In short term, we want to deliver our inhibitors of DNA methylation to research and clinical laboratories. Research laboratories can use the inhibitors for the analysis of the functional properties of the human genome. Studies of the functional organization of the human genome are the best-funded studies in the last 15 years. Clinical laboratories can use the inhibitors for developing processes of tissue engineering and tissue regeneration. Our inhibitors can reach the fine chemical markets very quickly since such markets do not require long testing processes like the development of novel drug candidates. The inhibitors that show success in the fine chemical markets can be further developed into novel drug candidates.

The most successful inhibitors can be used for control of the functional organization of the mammalian genome in research laboratories, biomedical technology, and ultimately in clinics for the treatment of different diseases that depend on epigenetic processes. Some examples are tissue regeneration, oncogenesis, psychiatric and neurological disorders, viral infections, immunological disorders.

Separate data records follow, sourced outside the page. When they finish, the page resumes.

lemma cstar_ideal_closure_Union:
  fixes C :: "'a :: cstar_algebra set set"
  assumes "C \<noteq> {}" and ideals: "\<And>K. K \<in> C \<Longrightarrow> cstar_ideal K"
    and directed: "\<And>I J. I \<in> C \<Longrightarrow> J \<in> C \<Longrightarrow> \<exists>K\<in>C. I \<subseteq> K \<and> J \<subseteq> K"
  shows "cstar_ideal (closure (\<Union>C))"
proof (rule cstar_ideal_closure)
  show "0 \<in> \<Union>C" using \<open>C \<noteq> {}\<close> ideals cstar_ideal_zero by blast
  show "x + y \<in> \<Union>C" if xy: "x \<in> \<Union>C" "y \<in> \<Union>C" for x y
  proof -
    obtain I J where "I \<in> C" "J \<in> C" "x \<in> I" "y \<in> J" using xy by blast
    then obtain K where "K \<in> C" "x \<in> K" "y \<in> K" using directed by blast
    thus ?thesis using ideals cstar_ideal_add by blast
  qed
  show "scaleC c x \<in> \<Union>C" if "x \<in> \<Union>C" for c x
    using that ideals cstar_ideal_scaleC by blast
  show "a * x \<in> \<Union>C \<and> x * a \<in> \<Union>C" if "x \<in> \<Union>C" for a x
    using that ideals cstar_ideal_mult_left cstar_ideal_mult_right by blast
qed

subsection \<open>The unitization\<close>

datatype 'a unitization = Unitization (scalar_part: complex) (algebra_part: 'a)

instantiation unitization :: (cstar_algebra) ring_1
begin

definition "0 = Unitization 0 0"
definition "1 = Unitization 1 0"
definition "X + Y = Unitization (scalar_part X + scalar_part Y) (algebra_part X + algebra_part Y)"
definition "X - Y = Unitization (scalar_part X - scalar_part Y) (algebra_part X - algebra_part Y)"
definition "- X = Unitization (- scalar_part X) (- algebra_part X)"
definition "X * Y = Unitization (scalar_part X * scalar_part Y)
  (scaleC (scalar_part X) (algebra_part Y) + scaleC (scalar_part Y) (algebra_part X)
    + algebra_part X * algebra_part Y)"

instance
proof
  fix X Y Z :: "'a unitization"
  note defs = zero_unitization_def one_unitization_def plus_unitization_def
    minus_unitization_def uminus_unitization_def times_unitization_def
  show "X * Y * Z = X * (Y * Z)"
    by (simp add: defs algebra_simps scaleC_add_right scaleC_scaleC mult_scaleC_left
        mult_scaleC_right mult.commute)
  show "(X + Y) * Z = X * Z + Y * Z" "X * (Y + Z) = X * Y + X * Z"
    by (simp_all add: defs algebra_simps scaleC_add_right scaleC_add_left)
  show "X + Y + Z = X + (Y + Z)" "X + Y = Y + X" "0 + X = X" "- X + X = 0" "X - Y = X + - Y"
    by (simp_all add: defs algebra_simps)
  show "1 * X = X" "X * 1 = X" "(0 :: 'a unitization) \<noteq> 1"
    by (simp_all add: defs scaleC_one)
qed

end

lemma unitization_parts [simp]:
  fixes X Y :: "'a :: cstar_algebra unitization"
  shows "scalar_part (X + Y) = scalar_part X + scalar_part Y"
    "algebra_part (X + Y) = algebra_part X + algebra_part Y"
    "scalar_part (X - Y) = scalar_part X - scalar_part Y"
    "algebra_part (X - Y) = algebra_part X - algebra_part Y"
    "scalar_part (- X) = - scalar_part X" "algebra_part (- X) = - algebra_part X"
    "scalar_part (X * Y) = scalar_part X * scalar_part Y"
    "algebra_part (X * Y) = scaleC (scalar_part X) (algebra_part Y)
       + scaleC (scalar_part Y) (algebra_part X) + algebra_part X * algebra_part Y"
    "scalar_part (0 :: 'a unitization) = 0" "algebra_part (0 :: 'a unitization) = 0"
    "scalar_part (1 :: 'a unitization) = 1" "algebra_part (1 :: 'a unitization) = 0"
  by (simp_all add: zero_unitization_def one_unitization_def plus_unitization_def
      minus_unitization_def uminus_unitization_def times_unitization_def)

lemma scalar_part_sum: "scalar_part (sum f S) = (\<Sum>i\<in>S. scalar_part (f i :: 'a :: cstar_algebra unitization))"
  by (induction S rule: infinite_finite_induct) auto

Hha1 protein with DNA and SAH ligand docked in the active site

Supramolecular organization of NAD(H)-binding enzymes

Description coming soon.

Our work. We have calculated that enzymes that bind NAD(H) can coalesce into a supramolecular complex that controls energy production in cells. Metabolites leaks within the supramolecular complex driven by an electric field indicating that the development of metabolic engineering technologies must involve molecular interactions.